For a quick fix it's ok, at least it's commented and not just a random
magic constant. The cleanups can be done later. Thanks.
David Sterba Sept. 20, 2023, 7:02 p.m. UTC | #6
On Wed, Sep 20, 2023 at 09:59:23AM -0400, Josef Bacik wrote:
> On Mon, Sep 18, 2023 at 01:14:41PM -0700, Boris Burkov wrote:
> > On Mon, Sep 18, 2023 at 03:27:47PM -0400, Josef Bacik wrote:
> > > A user reported some unpleasant behavior with very small file systems.
> > > The reproducer is this
> > > 
> > > mkfs.btrfs -f -m single -b 8g /dev/vdb
> > > mount /dev/vdb /mnt/test
> > > dd if=/dev/zero of=/mnt/test/testfile bs=512M count=20
> > > 
> > > This will result in usage that looks like this
> > > 
> > > Overall:
> > >     Device size:                   8.00GiB
> > >     Device allocated:              8.00GiB
> > >     Device unallocated:            1.00MiB
> > >     Device missing:                  0.00B
> > >     Device slack:                  2.00GiB
> > >     Used:                          5.47GiB
> > >     Free (estimated):              2.52GiB      (min: 2.52GiB)

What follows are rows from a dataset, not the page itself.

(* Let $G$ be a group, $\hat\phi$ a quasimorphism on $G$, and $\hat\phi_{\mathrm h}$ its homogenization. Set $D'_G(\hat\phi)=\sup\{|\hat\phi(g_1g_2g_1^{-1})-\hat\phi(g_2)|: g_1,g_2\in G\}$. Then $D(\hat\phi_{\mathrm h})\le D(\hat\phi)+\tfrac12D'_G(\hat\phi)$.
   Context: A quasimorphism on $G$ is $\hat\phi\colon G\to\mathbb{R}$ with finite defect $D(\hat\phi)=\sup_{g_1,g_2\in G}|\hat\phi(g_1g_2)-\hat\phi(g_1)-\hat\phi(g_2)|$. Its homogenization is $\hat\phi_{\mathrm h}(g)=\lim_{n\to\infty}\hat\phi(g^n)/n$, the unique homogeneous quasimorphism (i.e. $\hat\phi_{\mathrm h}(g^n)=n\hat\phi_{\mathrm h}(g)$ for all $n\in\mathbb{Z}$) at bounded distance from $\hat\phi$. *)

theory Defs
  imports "HOL-Analysis.Analysis" "HOL-Algebra.Group"
begin

definition defect :: "('a, 'b) monoid_scheme \<Rightarrow> ('a \<Rightarrow> real) \<Rightarrow> real" where
  "defect G f = (SUP p \<in> carrier G \<times> carrier G.
      \<bar>f (fst p \<otimes>\<^bsub>G\<^esub> snd p) - f (fst p) - f (snd p)\<bar>)"

definition quasimorphism :: "('a, 'b) monoid_scheme \<Rightarrow> ('a \<Rightarrow> real) \<Rightarrow> bool" where
  "quasimorphism G f \<longleftrightarrow> (\<exists>C. \<forall>g1\<in>carrier G. \<forall>g2\<in>carrier G.
      \<bar>f (g1 \<otimes>\<^bsub>G\<^esub> g2) - f g1 - f g2\<bar> \<le> C)"

definition homogenization :: "('a, 'b) monoid_scheme \<Rightarrow> ('a \<Rightarrow> real) \<Rightarrow> 'a \<Rightarrow> real" where
  "homogenization G f g = lim (\<lambda>n::nat. f (g [^]\<^bsub>G\<^esub> n) / real n)"

definition conj_defect :: "('a, 'b) monoid_scheme \<Rightarrow> ('a \<Rightarrow> real) \<Rightarrow> real" where
  "conj_defect G f = (SUP p \<in> carrier G \<times> carrier G.
      \<bar>f (fst p \<otimes>\<^bsub>G\<^esub> snd p \<otimes>\<^bsub>G\<^esub> inv\<^bsub>G\<^esub> (fst p)) - f (snd p)\<bar>)"

end

theory Submission
  imports Defs "HOL-Real_Asymp.Real_Asymp"
begin

text \<open>Write \<open>D = defect G f\<close>, \<open>D' = conj_defect G f\<close> and \<open>R n = a\<^sup>n b\<^sup>n (ab)\<^sup>-\<^sup>n\<close>.
  Up to \<open>3D\<close>, the failure of \<open>f (a\<^sup>n) + f (b\<^sup>n) = f ((ab)\<^sup>n)\<close> is \<open>f (R n) - f 1\<close>.
  Now \<open>R (n + 2)\<close> is \<open>R n\<close> multiplied on the left by a commutator \<open>P Q P\<^sup>-\<^sup>1 Q\<^sup>-\<^sup>1\<close>, and
  replacing the conjugate \<open>P Q P\<^sup>-\<^sup>1\<close> by \<open>Q\<close> changes \<open>f\<close> by at most \<open>2D + D'\<close>; hence
  \<open>|f (R (2m + 1)) - f 1| \<le> m (2D + D')\<close>.  Dividing by \<open>n = 2m + 1\<close> and letting \<open>m \<rightarrow> \<infinity>\<close>
  gives the bound \<open>D + D'/2\<close> for the homogenization.\<close>

lemma quasi_additive_seq_ratio_close:
  fixes s :: "nat \<Rightarrow> real"
  assumes q: "\<And>m n. \<bar>s (m + n) - s m - s n\<bar> \<le> D" and "m \<ge> 1" "n \<ge> 1"
  shows "\<bar>s m / real m - s n / real n\<bar> \<le> 2 * D / real m + 2 * D / real n"
proof -
  have D0: "D \<ge> 0" using q[of 0 0] by simp
  have mult: "\<bar>s (k * n) - real k * s n\<bar> \<le> (real k + 1) * D" for k n
  proof (induction k)
    case 0 then show ?case using q[of 0 0] by (simp add: abs_le_iff)
  next
    case (Suc k)
    have "\<bar>s (n + k * n) - s n - s (k * n)\<bar> \<le> D" by (rule q)
    then show ?case using Suc by (simp add: algebra_simps abs_le_iff)
  qed
  have m0: "real m > 0" and n0: "real n > 0" using assms by auto
  have Dn: "D * real n \<le> D * (real m * real n)" and Dm: "D * real m \<le> D * (real m * real n)"
    using assms D0 by (auto intro!: mult_left_mono)
  have "\<bar>s (m * n) / (real m * real n) - s n / real n\<bar> = \<bar>s (m * n) - real m * s n\<bar> / (real m * real n)"
    using m0 n0 by (simp add: field_simps abs_div)
  also have "\<dots> \<le> (real m + 1) * D / (real m * real n)"
    using mult[of m n] m0 n0 by (simp add: divide_right_mono)
  also have "\<dots> \<le> 2 * D / real n" using m0 n0 Dn Dm by (simp add: field_simps)
  finally have n_close: "\<bar>s (m * n) / (real m * real n) - s n / real n\<bar> \<le> 2 * D / real n" .
  have "\<bar>s (m * n) / (real m * real n) - s m / real m\<bar> = \<bar>s (n * m) - real n * s m\<bar> / (real m * real n)"
    using m0 n0 by (simp add: field_simps abs_div mult.commute)
  also have "\<dots> \<le> (real n + 1) * D / (real m * real n)"
    using mult[of n m] m0 n0 by (simp add: divide_right_mono)
  also have "\<dots> \<le> 2 * D / real m" using m0 n0 Dn Dm by (simp add: field_simps)
  finally have m_close: "\<bar>s (m * n) / (real m * real n) - s m / real m\<bar> \<le> 2 * D / real m" .
  show ?thesis using n_close m_close by linarith
qed

lemma quasi_additive_seq_ratio_convergent:
  fixes s :: "nat \<Rightarrow> real"
  assumes q: "\<And>m n. \<bar>s (m + n) - s m - s n\<bar> \<le> D"
  shows "convergent (\<lambda>n. s n / real n)"
proof -
  have D0: "D \<ge> 0" using q[of 0 0] by simp
  have "Cauchy (\<lambda>n. s n / real n)"
  proof (rule metric_CauchyI)
    fix e :: real assume e: "e > 0"
    obtain N :: nat where N: "N > 4 * D / e + 1" by (meson reals_Archimedean2)
    have "0 \<le> 4 * D / e" using D0 e by simp
    with N have N1: "N \<ge> 1" by linarith
    have "4 * D < e * real N" using N e by (simp add: field_simps)
    then have small: "2 * D / real N < e / 2" using N1 by (simp add: field_simps)
    have "dist (s m / real m) (s n / real n) < e" if "m \<ge> N" "n \<ge> N" for m n
    proof -
      have "2 * D / real m \<le> 2 * D / real N" "2 * D / real n \<le> 2 * D / real N"
        using that N1 D0 by (simp_all add: frac_le)
      then show ?thesis
        using quasi_additive_seq_ratio_close[OF q, of m n] that N1 small by (simp add: dist_real_def)
    qed
    then show "\<exists>M. \<forall>m\<ge>M. \<forall>n\<ge>M. dist (s m / real m) (s n / real n) < e" by blast
  qed
  then show ?thesis by (simp add: Cauchy_convergent_iff)
qed

context group
begin

lemma quasimorphism_abs_defect_le:
  assumes "quasimorphism G f" "x \<in> carrier G" "y \<in> carrier G"
  shows "\<bar>f (x \<otimes> y) - f x - f y\<bar> \<le> defect G f"
proof -
  obtain C where C: "\<forall>g1\<in>carrier G. \<forall>g2\<in>carrier G. \<bar>f (g1 \<otimes> g2) - f g1 - f g2\<bar> \<le> C"
    using assms(1) unfolding quasimorphism_def by blast
  have bdd: "bdd_above ((\<lambda>p. \<bar>f (fst p \<otimes> snd p) - f (fst p) - f (snd p)\<bar>) ` (carrier G \<times> carrier G))"
    using C by (intro bdd_aboveI[of _ C]) auto
  then show ?thesis
    unfolding defect_def using cSUP_upper[OF _ bdd, of "(x, y)"] assms by auto
qed

lemma quasimorphism_abs_conj_defect_le:
  assumes qm: "quasimorphism G f" and "x \<in> carrier G" "y \<in> carrier G"
  shows "\<bar>f (x \<otimes> y \<otimes> inv x) - f y\<bar> \<le> conj_defect G f"
proof -
  obtain C where C: "\<forall>g1\<in>carrier G. \<forall>g2\<in>carrier G. \<bar>f (g1 \<otimes> g2) - f g1 - f g2\<bar> \<le> C"
    using qm unfolding quasimorphism_def by blast
  have "\<bar>f (u \<otimes> v \<otimes> inv u) - f v\<bar> \<le> 4 * C" if u: "u \<in> carrier G" and v: "v \<in> carrier G" for u v
  proof -
    have "\<bar>f (u \<otimes> v \<otimes> inv u) - f (u \<otimes> v) - f (inv u)\<bar> \<le> C"
      and "\<bar>f (u \<otimes> v) - f u - f v\<bar> \<le> C"
      and "\<bar>f (u \<otimes> inv u) - f u - f (inv u)\<bar> \<le> C"
      and "\<bar>f (\<one> \<otimes> \<one>) - f \<one> - f \<one>\<bar> \<le> C"
      using u v by (intro C[rule_format]; simp)+
    then show ?thesis using u by (simp add: abs_le_iff)
  qed
  then have bdd: "bdd_above ((\<lambda>p. \<bar>f (fst p \<otimes> snd p \<otimes> inv (fst p)) - f (snd p)\<bar>) ` (carrier G \<times> carrier G))"
    by (intro bdd_aboveI[of _ "4 * C"]) auto
  then show ?thesis
    unfolding conj_defect_def using cSUP_upper[OF _ bdd, of "(x, y)"] assms by auto
qed

lemma quasimorphism_conj_mult_estimate:
  assumes qm: "quasimorphism G f" and P: "P \<in> carrier G" and Q: "Q \<in> carrier G" and w: "w \<in> carrier G"
  shows "\<bar>f (P \<otimes> Q \<otimes> inv P \<otimes> w) - f (Q \<otimes> w)\<bar> \<le> 2 * defect G f + conj_defect G f"
proof -
  have "\<bar>f (P \<otimes> Q \<otimes> inv P \<otimes> w) - f (P \<otimes> Q \<otimes> inv P) - f w\<bar> \<le> defect G f"
    using P Q w by (intro quasimorphism_abs_defect_le[OF qm]) auto
  moreover have "\<bar>f (P \<otimes> Q \<otimes> inv P) - f Q\<bar> \<le> conj_defect G f"
    by (rule quasimorphism_abs_conj_defect_le[OF qm P Q])
  moreover have "\<bar>f (Q \<otimes> w) - f Q - f w\<bar> \<le> defect G f"
    by (rule quasimorphism_abs_defect_le[OF qm Q w])
  ultimately show ?thesis by (simp add: abs_le_iff)
qed

definition power_quotient :: "'a \<Rightarrow> 'a \<Rightarrow> nat \<Rightarrow> 'a" where
  "power_quotient a b n = a [^] n \<otimes> b [^] n \<otimes> inv ((a \<otimes> b) [^] n)"

lemma power_quotient_closed [intro, simp]:
  "a \<in> carrier G \<Longrightarrow> b \<in> carrier G \<Longrightarrow> power_quotient a b n \<in> carrier G"
  unfolding power_quotient_def by auto

lemma mult_inv_cancel_left: "x \<in> carrier G \<Longrightarrow> y \<in> carrier G \<Longrightarrow> x \<otimes> (inv x \<otimes> y) = y"
  by (simp add: m_assoc[symmetric])

lemma inv_mult_cancel_left: "x \<in> carrier G \<Longrightarrow> y \<in> carrier G \<Longrightarrow> inv x \<otimes> (x \<otimes> y) = y"
  by (simp add: m_assoc[symmetric])
lemma bias_eq_abs_mean:
  assumes "1 \<le> d1"
  shows "bias n z = \<bar>mean (prod_vertices n d1 s) (\<lambda>p. sgn_bit (z (fst p)))\<bar>"
proof -
  have "card (tuples d1 s) \<noteq> 0"
    using assms finite_tuples replicate_zero_in_tuples by (metis card_0_eq empty_iff)
  then show ?thesis
    by (simp add: bias_def mean_def prod_vertices_def sum.cartesian_product' card_cartesian_product
        abs_mult flip: sum_distrib_left)
qed

theorem mainTheorem2:
  fixes n d1 d2 s :: nat
    and nb :: "nat \<Rightarrow> nat \<Rightarrow> nat" and \<phi> :: "nat \<Rightarrow> nat"
    and EH :: "nat list \<Rightarrow> nat list \<Rightarrow> nat"
    and z :: "nat \<Rightarrow> bool" and \<eta>0 \<gamma> :: real
  assumes "n \<ge> 1" and "d1 \<ge> 1" and "d2 \<ge> 1" and "s \<ge> 1"
    and "loc_inv_rotation_graph n d1 nb \<phi>"
    and "regular_graph_adj (tuples d1 s) d2 EH"
    and "bias n z \<le> \<eta>0"
    and "\<gamma> \<ge> 0"
    and "\<forall>i. i + 2 \<le> s \<longrightarrow>
           sigma2 (prod_vertices n d1 s) (Mmat n d1 s d2 nb \<phi> EH i) \<le> \<gamma>"
  shows "op_norm (prod_vertices n d1 s)
           (walk_prod (prod_vertices n d1 s) (Mmat n d1 s d2 nb \<phi> EH) (Pz z) (s - 1))
         \<le> (\<eta>0 + 2 * \<gamma>) ^ ((s - 1) div 2)"
proof -
  let ?V = "prod_vertices n d1 s" and ?M = "Mmat n d1 s d2 nb \<phi> EH"
  let ?\<sigma> = "\<lambda>p. sgn_bit (z (fst p))"
  have fin: "finite ?V" and ne: "?V \<noteq> {}"
    using assms(1,2) by (simp_all add: finite_prod_vertices prod_vertices_nonempty)
  have contr: "unital_contraction ?V (?M i)" for i
    using Mmat_unital_contraction[OF assms(5,6,3,4)] .
  have orth: "vnorm ?V (mat_vec ?V (?M i) y) \<le> \<gamma> * vnorm ?V y" if "i < s - 1" "sum y ?V = 0" for i y
  proof -
    have "vnorm ?V (mat_vec ?V (?M i) y) \<le> sigma2 ?V (?M i) * vnorm ?V y"
      by (rule unital_contraction_orthogonal_bound[OF fin ne contr that(2)])
    also have "\<dots> \<le> \<gamma> * vnorm ?V y"
      using assms(9) that(1) by (intro mult_right_mono) auto
    finally show ?thesis .
  qed
  have bias: "\<bar>mean ?V ?\<sigma>\<bar> \<le> \<eta>0"
    using assms(7) bias_eq_abs_mean[OF assms(2), of n z s] by linarith
  have "vnorm ?V (mat_vec ?V (walk_prod ?V ?M (Pz z) (s - 1)) x) \<le> (\<eta>0 + 2 * \<gamma>) ^ ((s - 1) div 2) * vnorm ?V x"
    for x
    unfolding Pz_eq_diag_mat
    by (rule walk_prod_bound[OF fin ne contr orth _ bias assms(8)]) (simp_all add: sgn_bit_def)
  moreover have "0 \<le> (\<eta>0 + 2 * \<gamma>) ^ ((s - 1) div 2)"
    using bias assms(8) by simp
  ultimately show ?thesis
    by (rule op_norm_le)
qed

end
lemma jumps_two_valued:
  fixes c :: "nat \<Rightarrow> 'a::order"
  assumes mono: "\<And>i. i < n \<Longrightarrow> c i \<le> c (Suc i)" and vals: "\<And>i. i \<le> n \<Longrightarrow> c i \<in> {a, b}"
  shows "jumps c n \<le> 1"
proof -
  have jump: "c i < c (Suc i)" if "i < n" "c i \<noteq> c (Suc i)" for i
    using mono that by (simp add: order_less_le)
  have mono_le: "c k \<le> c l" if "k \<le> l" "l \<le> n" for k l
    using mono that by (rule lift_Suc_mono_le_upto)
  have no_two_jumps: False
    if "i < j" "j < n" "c i \<noteq> c (Suc i)" "c j \<noteq> c (Suc j)" for i j
  proof -
    have "c i < c (Suc i)" "c (Suc i) \<le> c j" using jump mono_le that by simp_all
    then have ij: "c i < c j" by (rule order_less_le_trans)
    moreover have jj: "c j < c (Suc j)" using jump that by blast
    moreover have "c i < c (Suc j)" using ij jj by (rule less_trans)
    moreover have "c i \<in> {a, b}" "c j \<in> {a, b}" "c (Suc j) \<in> {a, b}" using vals that by simp_all
    ultimately show False by (metis empty_iff insert_iff order_less_irrefl)
  qed
  have "i = j" if "i < n" "c i \<noteq> c (Suc i)" "j < n" "c j \<noteq> c (Suc j)" for i j
    using no_two_jumps[of i j] no_two_jumps[of j i] that by (cases i j rule: linorder_cases) auto
  then have "\<forall>i\<in>{i. i < n \<and> c i \<noteq> c (Suc i)}. \<forall>j\<in>{i. i < n \<and> c i \<noteq> c (Suc i)}. i = j"
    by blast
  then show ?thesis unfolding jumps_def One_nat_def by (subst card_le_Suc0_iff_eq) simp_all
qed

fun irredundant :: "'a::comm_monoid_add set \<Rightarrow> 'a set list \<Rightarrow> bool" where
  "irredundant K [] \<longleftrightarrow> True"
| "irredundant K (S # L) \<longleftrightarrow> \<not> S \<subseteq> K + sum_list L \<and> irredundant K L"

text \<open>Junk unless \<open>S\<close> has a nonzero element; it is only applied to simple submodules.\<close>
definition some_nonzero :: "'a::zero set \<Rightarrow> 'a" where
  "some_nonzero S = (SOME x. x \<in> S \<and> x \<noteq> 0)"

lemma sum_fun_apply: "(sum f A) x = (\<Sum>a\<in>A. f a x)"
  by (induction A rule: infinite_finite_induct) auto

definition unit_poly_mat :: "nat \<Rightarrow> nat \<Rightarrow> nat \<Rightarrow> nat \<Rightarrow> 'r::ring_1 poly" where
  "unit_poly_mat j i = (\<lambda>a b. if a = j \<and> b = 0 then monom 1 i else 0)"

text \<open>Only the first column of \<open>A\<close> is used: the coefficient of \<open>t\<^sup>i\<close> in entry \<open>(j,0)\<close> is the
coordinate of \<open>\<psi> (U ! j)\<close> along \<open>H ! i\<close>.\<close>
definition mat_represents ::
    "('r::ring_1 \<Rightarrow> 'm::ab_group_add \<Rightarrow> 'm) \<Rightarrow> 'm list \<Rightarrow> 'm list \<Rightarrow> (nat \<Rightarrow> nat \<Rightarrow> 'r poly) \<Rightarrow> ('m \<Rightarrow> 'm) \<Rightarrow> bool"
  where "mat_represents smul H U A \<psi> \<longleftrightarrow>
    (\<forall>j<length U. \<psi> (U ! j) = (\<Sum>i<length H. smul (coeff (A j 0) i) (H ! i)))"

lemma unit_poly_mat_in_poly_mats: "j < m \<Longrightarrow> unit_poly_mat j i \<in> poly_mats m"
  unfolding poly_mats_def unit_poly_mat_def by auto

lemma unit_poly_mats_combination_entry:
  fixes c :: "nat \<Rightarrow> nat \<Rightarrow> 'r::ring_1"
  assumes "j < p"
  shows "(\<Sum>j'<p. \<Sum>i<q. mat_smul (c j' i) (unit_poly_mat j' i)) j 0 = (\<Sum>i<q. monom (c j i) i)"
proof -
  have entry: "mat_smul r (unit_poly_mat j' i) j 0 = (if j = j' then monom r i else 0)" for r :: 'r and j' i
    unfolding mat_smul_def unit_poly_mat_def by (simp add: map_poly_monom)
  have "(\<Sum>j'<p. \<Sum>i<q. mat_smul (c j' i) (unit_poly_mat j' i)) j 0 =
      (\<Sum>j'<p. \<Sum>i<q. if j = j' then monom (c j' i) i else 0)"
    by (simp add: sum_fun_apply entry)
  also have "\<dots> = (\<Sum>i<q. \<Sum>j'<p. if j = j' then monom (c j' i) i else 0)"
    by (rule sum.swap)
  also have "\<dots> = (\<Sum>i<q. monom (c j i) i)" using assms by simp
  finally show ?thesis .
qed

lemma coeff_sum_monom_lessThan: "i < q \<Longrightarrow> coeff (\<Sum>k<q. monom (c k) k) i = c i"
  by (simp add: coeff_sum)

locale left_mod =
  fixes smul :: "'r::ring_1 \<Rightarrow> 'm::ab_group_add \<Rightarrow> 'm"
  assumes left_module: "left_module smul"
begin

abbreviation submod :: "'m set \<Rightarrow> bool" where
  "submod N \<equiv> is_submod smul UNIV N"

lemma smul_add_right: "smul r (x + y) = smul r x + smul r y"
  and smul_add_left: "smul (r + s) x = smul r x + smul s x"
  and smul_mult: "smul (r * s) x = smul r (smul s x)"
  and smul_one [simp]: "smul 1 x = x"
  using left_module unfolding left_module_def by auto

lemma smul_zero_right [simp]: "smul r 0 = 0"
  by (metis add_cancel_right_right smul_add_right)
lemma frac_part_cquot_nonzero:
  assumes "pquot L (Suc H) \<noteq> 0" "i \<le> H"
  shows "frac_part (cquot L i) \<noteq> 0"
proof
  assume "frac_part (cquot L i) = 0"
  then have "cquot L (Suc i + n) = 0" for n
    by (induction n) auto
  from this[of "H - i"] have "pquot L (Suc H) = 0"
    using assms(2) by (simp add: pquot_def poly_part_def)
  with assms(1) show False ..
qed

lemma frac_part_poly_mult:
  assumes "is_poly_lser K"
  shows "frac_part (K * L) = frac_part (K * frac_part L)"
proof -
  have "L = poly_part L + frac_part L" by (simp add: poly_part_def)
  then have "frac_part (K * L) = frac_part (K * poly_part L) + frac_part (K * frac_part L)"
    by (metis distrib_left frac_part_add)
  moreover have "frac_part (K * poly_part L) = 0"
    using assms is_poly_lser_mult is_poly_lser_poly_part frac_part_eq_0_iff by blast
  ultimately show ?thesis by simp
qed

text \<open>Splitting \<open>K t = J + u\<close> into polynomial and fractional part, \<open>K = (J + u) / t\<close> forces
  \<open>{J / t} = -{u / t}\<close>; with \<open>t = {L}\<close> this passes from \<open>L\<close> to the next complete quotient.\<close>

lemma frac_part_mult_via_inverse:
  assumes K: "is_poly_lser K" and t: "t \<noteq> 0"
    and J_frac: "frac_part (poly_part (K * t) * inverse t) \<noteq> 0"
  shows "frac_part (K * t) \<noteq> 0 \<and>
    fls_subdegree (frac_part (K * t)) \<le> fls_subdegree t + fls_subdegree (frac_part (poly_part (K * t) * inverse t))"
proof -
  define u where "u = frac_part (K * t)"
  define J where "J = poly_part (K * t)"
  have "K = (J + u) * inverse t"
    using t by (simp add: J_def u_def poly_part_def)
  then have "frac_part K = frac_part (J * inverse t) + frac_part (u * inverse t)"
    by (metis distrib_right frac_part_add)
  moreover have "frac_part K = 0" using K frac_part_eq_0_iff by blast
  ultimately have fu: "frac_part (u * inverse t) = - frac_part (J * inverse t)"
    by (simp add: add_eq_0_iff)
  with J_frac have fnz: "frac_part (u * inverse t) \<noteq> 0" by (simp add: J_def)
  then have "u \<noteq> 0" by auto
  then have "fls_subdegree (u * inverse t) = fls_subdegree u - fls_subdegree t"
    using t by simp
  moreover have "fls_subdegree (u * inverse t) \<le> fls_subdegree (frac_part (u * inverse t))"
    by (rule fls_subdegree_le_frac_part[OF fnz])
  ultimately show ?thesis
    using fu \<open>u \<noteq> 0\<close> by (simp add: u_def J_def)
qed

text \<open>Since \<open>fls_subdegree\<close> is minus the degree in \<open>X\<close>, this says: for \<open>0 \<noteq> K \<in> \<bbbF>\<^sub>p[X]\<close>
  with \<open>deg K < d\<^sub>H\<close>, \<open>{KL}\<close> is nonzero of degree \<open>\<ge> -d\<^sub>H\<close>.\<close>

lemma frac_part_mult_cf_bound:
  assumes "\<forall>i<H. frac_part (cquot L i) \<noteq> 0" "is_poly_lser K" "K \<noteq> 0"
    "- fls_subdegree K < cf_d L H"
  shows "frac_part (K * L) \<noteq> 0 \<and> fls_subdegree (frac_part (K * L)) \<le> cf_d L H"
  using assms
proof (induction H arbitrary: L K)
  case 0
  then show ?case using is_poly_lser_subdegree_le_0[of K] by (simp add: cf_d_def)
next
  case (Suc H)
  define t where "t = frac_part L"
  have t: "t \<noteq> 0" using Suc.prems(1) t_def by force
  have dSuc: "cf_d L (Suc H) = fls_subdegree t + cf_d (inverse t) H"
    using cf_d_Suc_shift[of L H] ldeg_pquot_1[of L] t by (simp add: t_def)
  have fKL: "frac_part (K * L) = frac_part (K * t)"
    using frac_part_poly_mult[OF Suc.prems(2)] by (simp add: t_def)
  have Kt: "K * t \<noteq> 0" "fls_subdegree (K * t) = fls_subdegree K + fls_subdegree t"
    using t Suc.prems(3) by simp_all
  show ?case
  proof (cases "1 \<le> fls_subdegree K + fls_subdegree t")
    case True
    then have "frac_part (K * t) = K * t"
      using Kt by (intro frac_part_eq_self) auto
    then show ?thesis
      using fKL Kt True dSuc cf_d_nonneg[of "inverse t" H]
        is_poly_lser_subdegree_le_0[OF Suc.prems(2,3)] by simp
  next
    case False
    define J where "J = poly_part (K * t)"
    have Jn: "J $$ (fls_subdegree K + fls_subdegree t) \<noteq> 0"
      using False Kt by (simp add: J_def fls_nth_poly_part)
    then have "J \<noteq> 0" by auto
    have sdJ: "fls_subdegree J = fls_subdegree K + fls_subdegree t"
      by (rule fls_subdegree_eqI[OF Jn]) (use Kt in \<open>simp add: J_def fls_nth_poly_part\<close>)
    have "\<forall>i<H. frac_part (cquot (inverse t) i) \<noteq> 0"
      using Suc.prems(1) cquot_Suc_shift[of L] by (auto simp: t_def)
    then have "frac_part (J * inverse t) \<noteq> 0 \<and> fls_subdegree (frac_part (J * inverse t)) \<le> cf_d (inverse t) H"
      using Suc.IH[of "inverse t" J] \<open>J \<noteq> 0\<close> sdJ Suc.prems(4) dSuc
      by (simp add: J_def is_poly_lser_poly_part)
    then show ?thesis
      using frac_part_mult_via_inverse[OF Suc.prems(2) t] fKL dSuc by (fastforce simp: J_def)
  qed
qed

> > >     Free (statfs, df):               0.00B
> > >     Data ratio:                       1.00
> > >     Metadata ratio:                   1.00
> > >     Global reserve:                5.50MiB      (used: 0.00B)
> > >     Multiple profiles:                  no
> > > 
> > > Data,single: Size:7.99GiB, Used:5.46GiB (68.41%)
> > >    /dev/vdb        7.99GiB
> > > 
> > > Metadata,single: Size:8.00MiB, Used:5.77MiB (72.07%)
> > >    /dev/vdb        8.00MiB
> > > 
> > > System,single: Size:4.00MiB, Used:16.00KiB (0.39%)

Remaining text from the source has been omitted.